Clinical Trial Summary

The prognosis of patients with unresectable peritoneal metastases from colorectal cancer is poor. These patients may obtain survival benefit from radical colorectal resection and cytoreductive surgery (CRS). The response rates of previous conversion therapy are low. Hyperthermic intraperitoneal chemoperfusion (HIPEC) and systemic chemotherapy are effective methods of reducing peritoneal cancer index (PCI) levels. The purpose of this study is to investigate the efficacy and safety of HIPEC and systemic chemotherapy in the conversion therapy of peritoneal metastases from colorectal cancer.

Description:

To determine the efficacy and safety of HIPEC and systemic chemotherapy in the conversion therapy of peritoneal metastases from colorectal cancer, patients undergo HIPEC with Raltitrexed at the time of fist surgery and twice repeat within one week after the surgery, following 3 cycles of 3-week Oxaliplatin/Capecitabine chemotherapy. The second surgery, exploratory laparoscopy or laparotomy, is carried out one week later after the series of systemic chemotherapy.
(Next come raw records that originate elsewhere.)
lemma ramp_sum_le_imp_excursion_bound:
  fixes cu cv :: "nat \<Rightarrow> real"
  assumes "k0 \<le> k" "k \<le> N"
    and agree: "\<And>i. i < k0 \<Longrightarrow> cv i = cu i"
    and tail: "\<And>m. k0 \<le> m \<Longrightarrow> sum cv {k0..m} \<le> B"
    and lower: "\<And>a m. a \<le> m \<Longrightarrow> m < N \<Longrightarrow> - D \<le> sum cu {a..m}"
    and le: "ramp_sum N cu \<le> ramp_sum N cv"
  shows "real (N - k) * sum cu {k0..<k} \<le> real (N - k0) * (B + D)"
proof -
  define E where "E = sum cu {k0..<k}"
  have "sum cv {..<k0} = sum cu {..<k0}"
    using agree by (intro sum.cong) auto
  then have "(\<Sum>m\<in>{k0..<N}. sum cu {k0..m}) \<le> (\<Sum>m\<in>{k0..<N}. sum cv {k0..m})"
    using le ramp_sum_split[of k0 N cu] ramp_sum_split[of k0 N cv]
      sum_partial_sums_cong[of k0 cv cu] agree assms(1,2) by simp
  also have "\<dots> \<le> real (N - k0) * B"
    using sum_mono[of "{k0..<N}" "\<lambda>m. sum cv {k0..m}" "\<lambda>_. B"] tail by simp
  finally have upper: "(\<Sum>m\<in>{k0..<N}. sum cu {k0..m}) \<le> real (N - k0) * B" .
  have "real (k - k0) * (- D) \<le> (\<Sum>m\<in>{k0..<k}. sum cu {k0..m})"
    using sum_mono[of "{k0..<k}" "\<lambda>_. - D" "\<lambda>m. sum cu {k0..m}"] lower assms(2) by simp
  moreover have "real (N - k) * (E - D) \<le> (\<Sum>m\<in>{k..<N}. sum cu {k0..m})"
  proof -
    have "sum cu {k0..m} = E + sum cu {k..m}" if "k \<le> m" for m
      using that assms(1) unfolding E_def
      by (subst ivl_disj_un_two(7)[symmetric, of k0 k m]) (auto intro: sum.union_disjoint)
    then show ?thesis
      using sum_mono[of "{k..<N}" "\<lambda>_. E - D" "\<lambda>m. sum cu {k0..m}"] lower by simp
  qed
  moreover have "(\<Sum>m\<in>{k0..<N}. sum cu {k0..m})
      = (\<Sum>m\<in>{k0..<k}. sum cu {k0..m}) + (\<Sum>m\<in>{k..<N}. sum cu {k0..m})"
    using assms(1,2) by (simp add: sum.atLeastLessThan_concat)
  moreover have "real (N - k0) = real (k - k0) + real (N - k)"
    using assms(1,2) by simp
  ultimately show ?thesis
    using upper unfolding E_def by (simp add: algebra_simps)
qed

lemma ramp_sum_Suc_le_of_tail:
  fixes cu cw :: "nat \<Rightarrow> real"
  assumes "k \<le> N"
    and agree: "\<And>i. i < k \<Longrightarrow> cw i = cu i"
    and tail: "\<And>m. k \<le> m \<Longrightarrow> sum cw {k..m} \<le> B"
    and lower: "\<And>m. k \<le> m \<Longrightarrow> m < N \<Longrightarrow> - D \<le> sum cu {k..m}"
  shows "ramp_sum (Suc N) cw
    \<le> ramp_sum N cu + sum cu {..<k} + real (Suc N - k) * B + real (N - k) * D"
proof -
  have prefix: "sum cw {..<k} = sum cu {..<k}"
    using agree by (intro sum.cong) auto
  have "(\<Sum>m\<in>{k..<Suc N}. sum cw {k..m}) \<le> real (Suc N - k) * B"
    using sum_mono[of "{k..<Suc N}" "\<lambda>m. sum cw {k..m}" "\<lambda>_. B"] tail by simp
  moreover have "- real (N - k) * D \<le> (\<Sum>m\<in>{k..<N}. sum cu {k..m})"
    using sum_mono[of "{k..<N}" "\<lambda>_. - D" "\<lambda>m. sum cu {k..m}"] lower by simp
  moreover have "real (Suc N - k) = real (N - k) + 1"
    using assms(1) by simp
  ultimately show ?thesis
    using ramp_sum_split[of k "Suc N" cw] ramp_sum_split[of k N cu] assms(1) prefix
      sum_partial_sums_cong[of k cw cu] agree by (simp add: algebra_simps)
qed

section \<open>Concatenated controls and the value function\<close>

lemma traj_cong: "(\<And>i. i < n \<Longrightarrow> u i = v i) \<Longrightarrow> traj f x u n = traj f x v n"
  by (induction n) auto

lemma traj_Suc_shift: "traj f (f x (u 0)) (\<lambda>i. u (Suc i)) n = traj f x u (Suc n)"
  by (induction n) auto

definition ctrl_append :: "(nat \<Rightarrow> 'u) \<Rightarrow> nat \<Rightarrow> (nat \<Rightarrow> 'u) \<Rightarrow> nat \<Rightarrow> 'u" where
  "ctrl_append u k w i = (if i < k then u i else w (i - k))"

lemma traj_ctrl_append_le: "i \<le> k \<Longrightarrow> traj f x (ctrl_append u k w) i = traj f x u i"
  by (rule traj_cong) (simp add: ctrl_append_def)

lemma traj_ctrl_append_add: "traj f x (ctrl_append u k w) (k + d) = traj f (traj f x u k) w d"
proof (induction d)
  case 0
  then show ?case by (simp add: traj_ctrl_append_le)
next
  case (Suc d)
  then show ?case by (simp add: ctrl_append_def)
qed

lemma traj_ctrl_append_ge:
  "k \<le> i \<Longrightarrow> traj f x (ctrl_append u k w) i = traj f (traj f x u k) w (i - k)"
  using traj_ctrl_append_add[of f x u k w "i - k"] by simp

lemma admissible_ctrl_append:
  assumes "admissible f X U n x u" "k \<le> n"
    and "\<And>t. w t \<in> U" "\<And>t. traj f (traj f x u k) w t \<in> X"
  shows "admissible f X U T x (ctrl_append u k w)"
proof -
  have "traj f x (ctrl_append u k w) i \<in> X" for i
    using assms by (cases "i \<le> k") (auto simp: admissible_def traj_ctrl_append_le traj_ctrl_append_ge)
  then show ?thesis
    using assms by (auto simp: admissible_def ctrl_append_def)
qed

definition traj_cost :: "('x \<Rightarrow> 'u \<Rightarrow> 'x) \<Rightarrow> ('x \<Rightarrow> 'u \<Rightarrow> real) \<Rightarrow> 'x \<Rightarrow> (nat \<Rightarrow> 'u) \<Rightarrow> nat \<Rightarrow> real" where
  "traj_cost f l x u i = l (traj f x u i) (u i)"

lemma traj_cost_ctrl_append:
  "traj_cost f l x (ctrl_append u k w) i =
     (if i < k then traj_cost f l x u i else traj_cost f l (traj f x u k) w (i - k))"
  by (simp add: traj_cost_def ctrl_append_def traj_ctrl_append_le traj_ctrl_append_ge)

lemma traj_cost_Suc_shift:
  "traj_cost f l (f x (u 0)) (\<lambda>i. u (Suc i)) i = traj_cost f l x u (Suc i)"
  by (simp add: traj_cost_def traj_Suc_shift)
Recruitment information / eligibility

• Status: Terminated
• Enrollment: 15
• Est. completion date: March 20, 2020
• Est. primary completion date: March 20, 2020
• Accepts healthy volunteers: No
• Gender: All
• Age group: 18 Years to 75 Years

Eligibility

Inclusion Criteria:

• Histological proved diagnosis of colorectal cancer.

• Unresectable peritoneal metastases and primary tumor proved at surgery.

• No evidence of distant metastases.

• Have not received radiotherapy, chemotherapy or immunotherapy.

• ECOG score: 0~2.

• Written informed consent is obtained prior to commencement of trial treatment.

Exclusion Criteria:

• Existence of distant metastasis outside the abdomen.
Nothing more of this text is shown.